Content starts

(* Let $A_S$ be a parabolic-retractable Artin group with Coxeter matrix $(m_{s,t})_{s,t\in S}$, and let $a,b,c\in S$ be pairwise distinct. If $m_{a,b}$ is odd and $m_{a,c}$ is even, then $m_{b,c}$ is even.
   Context: A Coxeter matrix over a finite set $S$ is a matrix $M=(m_{s,t})_{s,t\in S}$ with entries in $\mathbb{N}\cup\{\infty\}$, $m_{s,s}=1$, and $m_{s,t}=m_{t,s}\ge 2$ for $s\neq t$. Write $\Pi(s,t,m)$ for the alternating word $sts\cdots$ of length $m$. The Artin group is $A_S=\langle S\mid \Pi(s,t,m_{s,t})=\Pi(t,s,m_{s,t})$ for $s\neq t$, $m_{s,t}\neq\infty\rangle$. For $X\subseteq S$, $A_X$ is the subgroup generated by $X$. A retraction of $G$ onto a subgroup $H$ is a homomorphism $\varphi:G\to H$ with $\varphi|_H=\mathrm{id}_H$. $A_S$ is parabolic-retractable if it admits a retraction onto $A_X$ for every $X\subseteq S$. "Odd" and "even" refer to finite integers ($\infty$ is neither). *)

theory Defs
  imports "HOL-Algebra.Generated_Groups" "HOL-Library.Extended_Nat"
begin

definition coxeter_matrix :: "'s set \<Rightarrow> ('s \<Rightarrow> 's \<Rightarrow> enat) \<Rightarrow> bool" where
  "coxeter_matrix S M \<longleftrightarrow> finite S \<and> (\<forall>s\<in>S. M s s = 1) \<and>
     (\<forall>s\<in>S. \<forall>t\<in>S. s \<noteq> t \<longrightarrow> M s t = M t s \<and> M s t \<ge> 2)"

definition odd_entry :: "enat \<Rightarrow> bool" where
  "odd_entry m \<longleftrightarrow> (\<exists>k. m = enat k \<and> odd k)"
definition even_entry :: "enat \<Rightarrow> bool" where
  "even_entry m \<longleftrightarrow> (\<exists>k. m = enat k \<and> even k)"

text \<open>Words in the generators and their inverses: (s, True) = s, (s, False) = s^-1.\<close>
type_synonym 's word = "('s \<times> bool) list"

definition words :: "'s set \<Rightarrow> 's word set" where
  "words S = lists (S \<times> UNIV)"

definition alt_word :: "'s \<Rightarrow> 's \<Rightarrow> nat \<Rightarrow> 's word" where
  "alt_word s t m = map (\<lambda>i. (if even i then s else t, True)) [0..<m]"

inductive artin_rel :: "'s set \<Rightarrow> ('s \<Rightarrow> 's \<Rightarrow> enat) \<Rightarrow> 's word \<Rightarrow> 's word \<Rightarrow> bool"
  for S M where
  refl: "w \<in> words S \<Longrightarrow> artin_rel S M w w"
| sym: "artin_rel S M u v \<Longrightarrow> artin_rel S M v u"
| trans: "artin_rel S M u v \<Longrightarrow> artin_rel S M v w \<Longrightarrow> artin_rel S M u w"
| free: "u \<in> words S \<Longrightarrow> v \<in> words S \<Longrightarrow> s \<in> S \<Longrightarrow>
         artin_rel S M (u @ [(s, e), (s, \<not> e)] @ v) (u @ v)"
| braid: "u \<in> words S \<Longrightarrow> v \<in> words S \<Longrightarrow> s \<in> S \<Longrightarrow> t \<in> S \<Longrightarrow> s \<noteq> t \<Longrightarrow>
          M s t = enat k \<Longrightarrow>
          artin_rel S M (u @ alt_word s t k @ v) (u @ alt_word t s k @ v)"

definition artin_class :: "'s set \<Rightarrow> ('s \<Rightarrow> 's \<Rightarrow> enat) \<Rightarrow> 's word \<Rightarrow> 's word set" where
  "artin_class S M w = {v. artin_rel S M w v}"

definition artin_group :: "'s set \<Rightarrow> ('s \<Rightarrow> 's \<Rightarrow> enat) \<Rightarrow> 's word set monoid" where
  "artin_group S M =
     \<lparr> carrier = artin_class S M ` words S,
       mult = (\<lambda>A B. \<Union>a\<in>A. \<Union>b\<in>B. artin_class S M (a @ b)),
       one = artin_class S M [] \<rparr>"

definition artin_gen :: "'s set \<Rightarrow> ('s \<Rightarrow> 's \<Rightarrow> enat) \<Rightarrow> 's \<Rightarrow> 's word set" where
  "artin_gen S M s = artin_class S M [(s, True)]"

definition parabolic :: "'s set \<Rightarrow> ('s \<Rightarrow> 's \<Rightarrow> enat) \<Rightarrow> 's set \<Rightarrow> 's word set set" where
  "parabolic S M X = generate (artin_group S M) (artin_gen S M ` X)"

definition is_retraction :: "('a, 'b) monoid_scheme \<Rightarrow> 'a set \<Rightarrow> ('a \<Rightarrow> 'a) \<Rightarrow> bool" where
  "is_retraction G H \<phi> \<longleftrightarrow> \<phi> \<in> hom G G \<and> \<phi> ` carrier G \<subseteq> H \<and> (\<forall>h\<in>H. \<phi> h = h)"

definition parabolic_retractable :: "'s set \<Rightarrow> ('s \<Rightarrow> 's \<Rightarrow> enat) \<Rightarrow> bool" where
  "parabolic_retractable S M \<longleftrightarrow>
     (\<forall>X \<subseteq> S. \<exists>\<phi>. is_retraction (artin_group S M) (parabolic S M X) \<phi>)"

end

theory Submission
  imports Defs
begin

text \<open>Let A_S act on \<open>S \<Rightarrow> real\<close> by the reflections of a Tits-type form with
  B(e_s, e_t) = -cos(pi/m) for odd m = m_st, 0 for even m and -1 for m = \<infinity>. These reflections
  are involutions satisfying the braid relations, so the action factors through A_S. If phi is a
  retraction onto A_X and s is not in X, then the action y of phi(s) lies in the image of A_X and
  satisfies the braid relations of s with the reflections of X.

  If m_bc is odd, retract onto A_{a,c}. It preserves the line through e_a, on which a acts by -1
  and c by 1 (because m_ac is even). So y acts on that line by a sign, and the odd braid relations
  of y with a and with c force this sign to be both -1 and 1.

  If m_bc = \<infinity>, retract onto A_{b,c}. It acts on the plane spanned by e_b and e_b + e_c through
  the infinite dihedral group. The odd braid relation with b forces y to act there as the
  reflection b, and then the braid relation of y with c, of finite length m_ac, would be a braid
  relation between the two generating reflections of the infinite dihedral group.\<close>

lemma alt_word_Suc: "alt_word s t (Suc n) = (s, True) # alt_word t s n"
  unfolding alt_word_def by (induct n) (auto simp: map_upt_Suc simp del: upt_Suc)

lemma alt_word_in_words: "s \<in> S \<Longrightarrow> t \<in> S \<Longrightarrow> alt_word s t n \<in> words S"
  by (auto simp: alt_word_def words_def)

lemma append_in_words: "u \<in> words S \<Longrightarrow> v \<in> words S \<Longrightarrow> u @ v \<in> words S"
  by (simp add: words_def)

lemma artin_rel_words: "artin_rel S M u v \<Longrightarrow> u \<in> words S \<and> v \<in> words S"
  by (induction rule: artin_rel.induct) (auto simp: words_def alt_word_def)

lemma artin_rel_context:
  "artin_rel S M u v \<Longrightarrow> w \<in> words S \<Longrightarrow> w' \<in> words S \<Longrightarrow>
    artin_rel S M (w @ u @ w') (w @ v @ w')"
proof (induction rule: artin_rel.induct)
  case (refl u)
  then show ?case by (simp add: artin_rel.refl words_def)
next
  case (sym u v)
  then show ?case by (blast intro: artin_rel.sym)
next
  case (trans u v x)
  then show ?case by (blast intro: artin_rel.trans)
next
  case (free u v s e)
  then show ?case using artin_rel.free[of "w @ u" S "v @ w'" s M e] by (simp add: words_def)
next
  case (braid u v s t k)
  then show ?case using artin_rel.braid[of "w @ u" S "v @ w'" s t M k] by (simp add: words_def)
qed

lemma artin_rel_append:
  assumes u: "artin_rel S M u u'" and v: "artin_rel S M v v'"
  shows "artin_rel S M (u @ v) (u' @ v')"
proof -
  have "artin_rel S M ([] @ u @ v) ([] @ u' @ v)"
    using artin_rel_context[OF u, of "[]" v] artin_rel_words[OF v] by (simp add: words_def)
  moreover have "artin_rel S M (u' @ v @ []) (u' @ v' @ [])"
    using artin_rel_context[OF v, of u' "[]"] artin_rel_words[OF u] by (simp add: words_def)
  ultimately show ?thesis by (auto intro: artin_rel.trans)
qed

lemma artin_class_eq:
  assumes r: "artin_rel S M u v"
  shows "artin_class S M u = artin_class S M v"
proof -
  have "artin_rel S M u w \<longleftrightarrow> artin_rel S M v w" for w
    using artin_rel.trans[OF artin_rel.sym[OF r], of w] artin_rel.trans[OF r, of w] by blast
  then show ?thesis unfolding artin_class_def by blast
qed

lemma mem_artin_class: "u \<in> words S \<Longrightarrow> u \<in> artin_class S M u"
  unfolding artin_class_def by (simp add: artin_rel.refl)

lemma artin_class_mult:
  assumes "u \<in> words S" and "v \<in> words S"
  shows "artin_class S M u \<otimes>\<^bsub>artin_group S M\<^esub> artin_class S M v = artin_class S M (u @ v)"
proof -
  have "artin_class S M (u' @ v') = artin_class S M (u @ v)"
    if "u' \<in> artin_class S M u" and "v' \<in> artin_class S M v" for u' v'
    using that artin_class_eq[OF artin_rel_append, of S M u u' v v'] by (simp add: artin_class_def)
  moreover have "u \<in> artin_class S M u" "v \<in> artin_class S M v"
    using assms by (simp_all add: mem_artin_class)
  ultimately have "(\<Union>u'\<in>artin_class S M u. \<Union>v'\<in>artin_class S M v. artin_class S M (u' @ v')) =
      artin_class S M (u @ v)"
    by blast
  then show ?thesis by (simp add: artin_group_def)
qed

lemma carrier_artin_group: "carrier (artin_group S M) = artin_class S M ` words S"
  by (simp add: artin_group_def)

lemma one_artin_group: "\<one>\<^bsub>artin_group S M\<^esub> = artin_class S M []"
  by (simp add: artin_group_def)

lemma artin_gen_in_carrier: "s \<in> S \<Longrightarrow> artin_gen S M s \<in> carrier (artin_group S M)"
  by (simp add: carrier_artin_group artin_gen_def words_def)
lemma interval_integral_eq_0_if_bump_integrals_eq_0:
  fixes h :: "real \<Rightarrow> real"
  assumes h_meas: "h \<in> borel_measurable borel"
    and h_loc: "\<And>a b. set_integrable lborel {a..b} h"
    and h_bump: "\<And>c a b. c > 0 \<Longrightarrow> a < b \<Longrightarrow> (\<integral>x. h x * bump c a b x \<partial>lborel) = 0"
  shows "(\<integral>x. indicator {a<..<b} x * h x \<partial>lborel) = 0"
proof (cases "a < b")
  case False
  then show ?thesis by simp
next
  case True
  let ?s = "\<lambda>i x. h x * bump (inverse (real (Suc i))) a b x"
  from True have "a \<le> b" by simp
  have "(\<lambda>i. \<integral>x. ?s i x \<partial>lborel) \<longlonglongrightarrow> (\<integral>x. indicator {a<..<b} x * h x \<partial>lborel)"
  proof (rule integral_dominated_convergence[where w = "\<lambda>x. indicator {a..b} x * \<bar>h x\<bar>"])
    show "integrable lborel (\<lambda>x. indicator {a..b} x * \<bar>h x\<bar>)"
      using set_integrable_abs[OF h_loc] by (simp add: set_integrable_def)
    show "AE x in lborel. (\<lambda>i. ?s i x) \<longlonglongrightarrow> indicator {a<..<b} x * h x"
    proof (intro AE_I2)
      fix x
      show "(\<lambda>i. ?s i x) \<longlonglongrightarrow> indicator {a<..<b} x * h x"
        using tendsto_mult_left[OF bump_tendsto_indicator[OF \<open>a \<le> b\<close>], of "h x"]
        by (simp add: mult.commute)
    qed
    show "AE x in lborel. norm (?s i x) \<le> indicator {a..b} x * \<bar>h x\<bar>" for i
      using abs_mult_bump_le[OF \<open>a \<le> b\<close>, of "inverse (real (Suc i))"] by (intro AE_I2) simp
  qed (use h_meas in measurable)
  moreover have "(\<integral>x. ?s i x \<partial>lborel) = 0" for i
    by (rule h_bump) (use True in simp_all)
  ultimately show ?thesis by (simp add: LIMSEQ_const_iff)
qed

lemma AE_eq_0_if_Ioi_integrals_eq_0:
  fixes f :: "real \<Rightarrow> real"
  assumes f: "integrable lborel f"
    and f_Ioi: "\<And>x. (\<integral>y. indicator {x<..} y * f y \<partial>lborel) = 0"
  shows "AE y in lborel. f y = 0"
proof -
  have [measurable]: "f \<in> borel_measurable borel"
    using borel_measurable_integrable[OF f] by simp
  define pos where "pos s x = (\<integral>y. indicator {x<..} y * max 0 (s * f y) \<partial>lborel)" for s x
  have int_pos: "integrable lborel (\<lambda>y. indicator {x<..} y * max 0 (s * f y))" for s x
    using integrable_mult_indicator[of "{x<..}" lborel "\<lambda>y. max 0 (s * f y)"] f by auto
  have emeasure_Ioi: "emeasure (density lborel (\<lambda>y. ennreal (s * f y))) {x<..} = ennreal (pos s x)"
    for s x
  proof -
    have "emeasure (density lborel (\<lambda>y. ennreal (s * f y))) {x<..}
        = (\<integral>\<^sup>+ y. ennreal (indicator {x<..} y * max 0 (s * f y)) \<partial>lborel)"
      by (subst emeasure_density)
         (auto intro!: nn_integral_cong split: split_indicator simp: ennreal_max_0)
    also have "\<dots> = ennreal (pos s x)"
      unfolding pos_def by (intro nn_integral_eq_integral int_pos) auto
    finally show ?thesis .
  qed
  have "pos 1 x - pos (-1) x = (\<integral>y. indicator {x<..} y * f y \<partial>lborel)" for x
    unfolding pos_def Bochner_Integration.integral_diff[OF int_pos int_pos, symmetric]
    by (intro Bochner_Integration.integral_cong) (auto split: split_indicator)
  then have pos_eq: "pos 1 x = pos (-1) x" for x
    using f_Ioi[of x] by (metis eq_iff_diff_eq_0)
  have "density lborel (\<lambda>y. ennreal (1 * f y)) = density lborel (\<lambda>y. ennreal ((-1) * f y))"
  proof (rule measure_eqI_lessThan)
    show "emeasure (density lborel (\<lambda>y. ennreal (1 * f y))) {x<..} < \<infinity>" for x
      unfolding emeasure_Ioi by simp
    show "emeasure (density lborel (\<lambda>y. ennreal (1 * f y))) {x<..}
        = emeasure (density lborel (\<lambda>y. ennreal ((-1) * f y))) {x<..}" for x
      unfolding emeasure_Ioi pos_eq ..
  qed auto
  then have "AE y in lborel. ennreal (1 * f y) = ennreal ((-1) * f y)"
    by (intro sigma_finite_measure.density_unique[OF sigma_finite_lborel]) auto
  then show ?thesis
  proof eventually_elim
    case (elim y)
    then show ?case by (cases "f y" "0::real" rule: linorder_cases) (auto simp: ennreal_neg)
  qed
qed
text \<open>\<open>op_at N n p w Y\<close> is \<open>Y \<in> End(V\<^sup>\<otimes>\<^sup>w)\<close> acting on the factors \<open>p+1, \<dots>, p+w\<close> of
  \<open>V\<^sup>\<otimes>\<^sup>n\<close>; the offset \<open>p\<close> is 0-based.\<close>
definition op_at :: "nat \<Rightarrow> nat \<Rightarrow> nat \<Rightarrow> nat \<Rightarrow> op \<Rightarrow> op" where
  "op_at N n p w Y = (\<lambda>a b. if a \<in> midx N n \<and> b \<in> midx N n \<and> agrees_outside n p w a b
      then Y (take w (drop p a)) (take w (drop p b)) else 0)"

definition splice_at :: "nat \<Rightarrow> nat \<Rightarrow> nat list \<Rightarrow> nat list \<Rightarrow> nat list" where
  "splice_at p w a m = take p a @ m @ drop (p + w) a"

lemma midx_length: "a \<in> midx N n \<Longrightarrow> length a = n"
  by (simp add: midx_def)

lemma midx_iff: "a \<in> midx N n \<longleftrightarrow> length a = n \<and> (\<forall>m<n. a!m < N)"
  unfolding midx_def by (auto simp: in_set_conv_nth) (metis nth_mem)

lemma take_drop_in_midx: "a \<in> midx N n \<Longrightarrow> p + w \<le> n \<Longrightarrow> take w (drop p a) \<in> midx N w"
  by (auto simp: midx_iff)

lemma nth_take_drop:
  "p \<le> i \<Longrightarrow> i < p + w \<Longrightarrow> i < length c \<Longrightarrow> take w (drop p c) ! (i - p) = c ! i"
  by (subst nth_take) (auto simp: nth_drop)

lemma length_splice_at:
  "length a = n \<Longrightarrow> length m = w \<Longrightarrow> p + w \<le> n \<Longrightarrow> length (splice_at p w a m) = n"
  by (simp add: splice_at_def)

lemma nth_splice_at:
  "length a = n \<Longrightarrow> length m = w \<Longrightarrow> p + w \<le> n \<Longrightarrow> i < n \<Longrightarrow>
   splice_at p w a m ! i = (if i < p then a!i else if i < p + w then m!(i-p) else a!i)"
  by (auto simp: splice_at_def nth_append min_def)

lemma splice_at_in_midx:
  "a \<in> midx N n \<Longrightarrow> m \<in> midx N w \<Longrightarrow> p + w \<le> n \<Longrightarrow> splice_at p w a m \<in> midx N n"
  unfolding midx_iff by (auto simp: length_splice_at nth_splice_at)

lemma take_drop_splice_at:
  "length a = n \<Longrightarrow> length m = w \<Longrightarrow> p + w \<le> n \<Longrightarrow> take w (drop p (splice_at p w a m)) = m"
  by (simp add: splice_at_def)

lemma agrees_outside_splice_at_iff:
  "length a = n \<Longrightarrow> length m = w \<Longrightarrow> p + w \<le> n \<Longrightarrow>
   agrees_outside n p w (splice_at p w a m) c \<longleftrightarrow> agrees_outside n p w a c"
  by (auto simp: agrees_outside_def nth_splice_at)

lemma splice_at_take_drop:
  assumes "b \<in> midx N n" "a \<in> midx N n" "p + w \<le> n" "agrees_outside n p w a b"
  shows "splice_at p w a (take w (drop p b)) = b"
proof (rule nth_equalityI)
  show "length (splice_at p w a (take w (drop p b))) = length b"
    using assms by (simp add: midx_length length_splice_at)
  fix i assume "i < length (splice_at p w a (take w (drop p b)))"
  then show "splice_at p w a (take w (drop p b)) ! i = b ! i"
    using assms by (auto simp: midx_length length_splice_at nth_splice_at agrees_outside_def)
qed

lemma midx_agrees_outside_eq_image:
  assumes a: "a \<in> midx N n" and pw: "p + w \<le> n"
  shows "{b\<in>midx N n. agrees_outside n p w a b} = splice_at p w a ` midx N w"
proof
  show "{b \<in> midx N n. agrees_outside n p w a b} \<subseteq> splice_at p w a ` midx N w"
  proof
    fix b assume b: "b \<in> {b \<in> midx N n. agrees_outside n p w a b}"
    then have "b = splice_at p w a (take w (drop p b))"
      using splice_at_take_drop a pw by auto
    moreover have "take w (drop p b) \<in> midx N w"
      using b pw take_drop_in_midx by blast
    ultimately show "b \<in> splice_at p w a ` midx N w" by blast
  qed
  show "splice_at p w a ` midx N w \<subseteq> {b \<in> midx N n. agrees_outside n p w a b}"
    using a pw by (auto simp: splice_at_in_midx agrees_outside_def nth_splice_at midx_length)
qed

lemma sum_agrees_outside:
  assumes a: "a \<in> midx N n" and pw: "p + w \<le> n"
  shows "(\<Sum>b\<in>midx N n. if agrees_outside n p w a b then g b else 0)
    = (\<Sum>m\<in>midx N w. g (splice_at p w a m))"
proof -
  have "inj_on (splice_at p w a) (midx N w)"
    by (rule inj_onI) (metis a pw midx_length take_drop_splice_at)
  then show ?thesis
    by (simp add: sum.inter_filter[symmetric] midx_agrees_outside_eq_image[OF a pw] sum.reindex)
qed

lemma op_at_supported [simp]: "supported N n (op_at N n p w X)"
  by (simp add: supported_def op_at_def)

lemma opmul_op_at_left:
  assumes a: "a \<in> midx N n" and pw: "p + w \<le> n"
  shows "opmul N n (op_at N n p w X) Z a c
    = (\<Sum>m\<in>midx N w. X (take w (drop p a)) m * Z (splice_at p w a m) c)"
proof -
  have "opmul N n (op_at N n p w X) Z a c
      = (\<Sum>b\<in>midx N n. if agrees_outside n p w a b
                        then X (take w (drop p a)) (take w (drop p b)) * Z b c else 0)"
    unfolding opmul_def by (rule sum.cong) (auto simp: op_at_def a)
  also have "\<dots> = (\<Sum>m\<in>midx N w.
      X (take w (drop p a)) (take w (drop p (splice_at p w a m))) * Z (splice_at p w a m) c)"
    by (rule sum_agrees_outside[OF a pw])
  also have "\<dots> = (\<Sum>m\<in>midx N w. X (take w (drop p a)) m * Z (splice_at p w a m) c)"
    using a pw by (intro sum.cong) (auto simp: take_drop_splice_at midx_length)
  finally show ?thesis .
qed

lemma op_at_opmul:
  assumes pw: "p + w \<le> n"
  shows "op_at N n p w (opmul N w X Y) = opmul N n (op_at N n p w X) (op_at N n p w Y)"
proof (intro ext)
  fix a c
  show "op_at N n p w (opmul N w X Y) a c = opmul N n (op_at N n p w X) (op_at N n p w Y) a c"
  proof (cases "a \<in> midx N n")
    case a: True
    have "opmul N n (op_at N n p w X) (op_at N n p w Y) a c
        = (\<Sum>m\<in>midx N w. if c \<in> midx N n \<and> agrees_outside n p w a c
                          then X (take w (drop p a)) m * Y m (take w (drop p c)) else 0)"
      unfolding opmul_op_at_left[OF a pw] using a pw
      by (auto simp: op_at_def splice_at_in_midx agrees_outside_splice_at_iff take_drop_splice_at
          midx_length intro!: sum.cong)
    also have "\<dots> = op_at N n p w (opmul N w X Y) a c"
      using a by (auto simp: op_at_def opmul_def)
    finally show ?thesis
      by simp
  qed (simp add: op_at_def opmul_def)
qed

lemma op_at_cong: "opeq N w X Y \<Longrightarrow> p + w \<le> n \<Longrightarrow> op_at N n p w X = op_at N n p w Y"
  unfolding op_at_def opeq_def by (auto intro!: ext simp: take_drop_in_midx)

definition agrees_outside_both ::
    "nat \<Rightarrow> nat \<Rightarrow> nat \<Rightarrow> nat \<Rightarrow> nat \<Rightarrow> nat list \<Rightarrow> nat list \<Rightarrow> bool" where
  "agrees_outside_both n p w q v a c \<longleftrightarrow>
     (\<forall>i<n. (i < p \<or> p + w \<le> i) \<and> (i < q \<or> q + v \<le> i) \<longrightarrow> a!i = c!i)"

lemma take_drop_splice_at_disjoint:
  assumes "p + w \<le> q \<or> q + v \<le> p" "p + w \<le> n" "q + v \<le> n" "length a = n" "length m = w"
  shows "take v (drop q (splice_at p w a m)) = take v (drop q a)"
  using assms by (intro nth_equalityI) (auto simp: nth_splice_at length_splice_at)

lemma agrees_outside_splice_at_disjoint:
  assumes d: "p + w \<le> q \<or> q + v \<le> p" and pw: "p + w \<le> n" and qv: "q + v \<le> n"
    and a: "length a = n" and m: "length m = w" and c: "length c = n"
  shows "agrees_outside n q v (splice_at p w a m) c \<longleftrightarrow>
    m = take w (drop p c) \<and> agrees_outside_both n p w q v a c"
proof
  assume h: "agrees_outside n q v (splice_at p w a m) c"
  have "m = take w (drop p c)"
  proof (rule nth_equalityI)
    show "length m = length (take w (drop p c))" using m c pw by simp
    fix i assume i: "i < length m"
    have pi: "p + i < n" using i m pw by simp
    have pq: "p + i < q \<or> q + v \<le> p + i" using d i m by auto
    have "splice_at p w a m ! (p + i) = c ! (p + i)"
      using h pi pq unfolding agrees_outside_def by blast
    then show "m ! i = take w (drop p c) ! i"
      using i m a c pw by (simp add: nth_splice_at)
  qed
  moreover have "agrees_outside_both n p w q v a c"
    unfolding agrees_outside_both_def
  proof (intro allI impI)
    fix i assume "i < n" "(i < p \<or> p + w \<le> i) \<and> (i < q \<or> q + v \<le> i)"
    then show "a ! i = c ! i" using h a m pw unfolding agrees_outside_def
      by (metis nth_splice_at not_le)
  qed
  ultimately show "m = take w (drop p c) \<and> agrees_outside_both n p w q v a c" by blast
next
  assume h: "m = take w (drop p c) \<and> agrees_outside_both n p w q v a c"
  show "agrees_outside n q v (splice_at p w a m) c"
    unfolding agrees_outside_def
  proof (intro allI impI)
    fix i assume i: "i < n" "i < q \<or> q + v \<le> i"
    show "splice_at p w a m ! i = c ! i"
    proof (cases "p \<le> i \<and> i < p + w")
      case True
      then show ?thesis
        using h a m c pw i by (simp add: nth_splice_at nth_take_drop)
    next
      case False
      then show ?thesis
        using h a m c pw i by (auto simp: nth_splice_at agrees_outside_both_def)
    qed
  qed
qed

Content ends

Task goal
Output the lines above exactly, but only those between the line holding "agrees_outside n p w (splice_at" and the line holding "fix b assume", inclusive.

Reply to the exercise
   agrees_outside n p w (splice_at p w a m) c \<longleftrightarrow> agrees_outside n p w a c"
  by (auto simp: agrees_outside_def nth_splice_at)

lemma splice_at_take_drop:
  assumes "b \<in> midx N n" "a \<in> midx N n" "p + w \<le> n" "agrees_outside n p w a b"
  shows "splice_at p w a (take w (drop p b)) = b"
proof (rule nth_equalityI)
  show "length (splice_at p w a (take w (drop p b))) = length b"
    using assms by (simp add: midx_length length_splice_at)
  fix i assume "i < length (splice_at p w a (take w (drop p b)))"
  then show "splice_at p w a (take w (drop p b)) ! i = b ! i"
    using assms by (auto simp: midx_length length_splice_at nth_splice_at agrees_outside_def)
qed

lemma midx_agrees_outside_eq_image:
  assumes a: "a \<in> midx N n" and pw: "p + w \<le> n"
  shows "{b\<in>midx N n. agrees_outside n p w a b} = splice_at p w a ` midx N w"
proof
  show "{b \<in> midx N n. agrees_outside n p w a b} \<subseteq> splice_at p w a ` midx N w"
  proof
    fix b assume b: "b \<in> {b \<in> midx N n. agrees_outside n p w a b}"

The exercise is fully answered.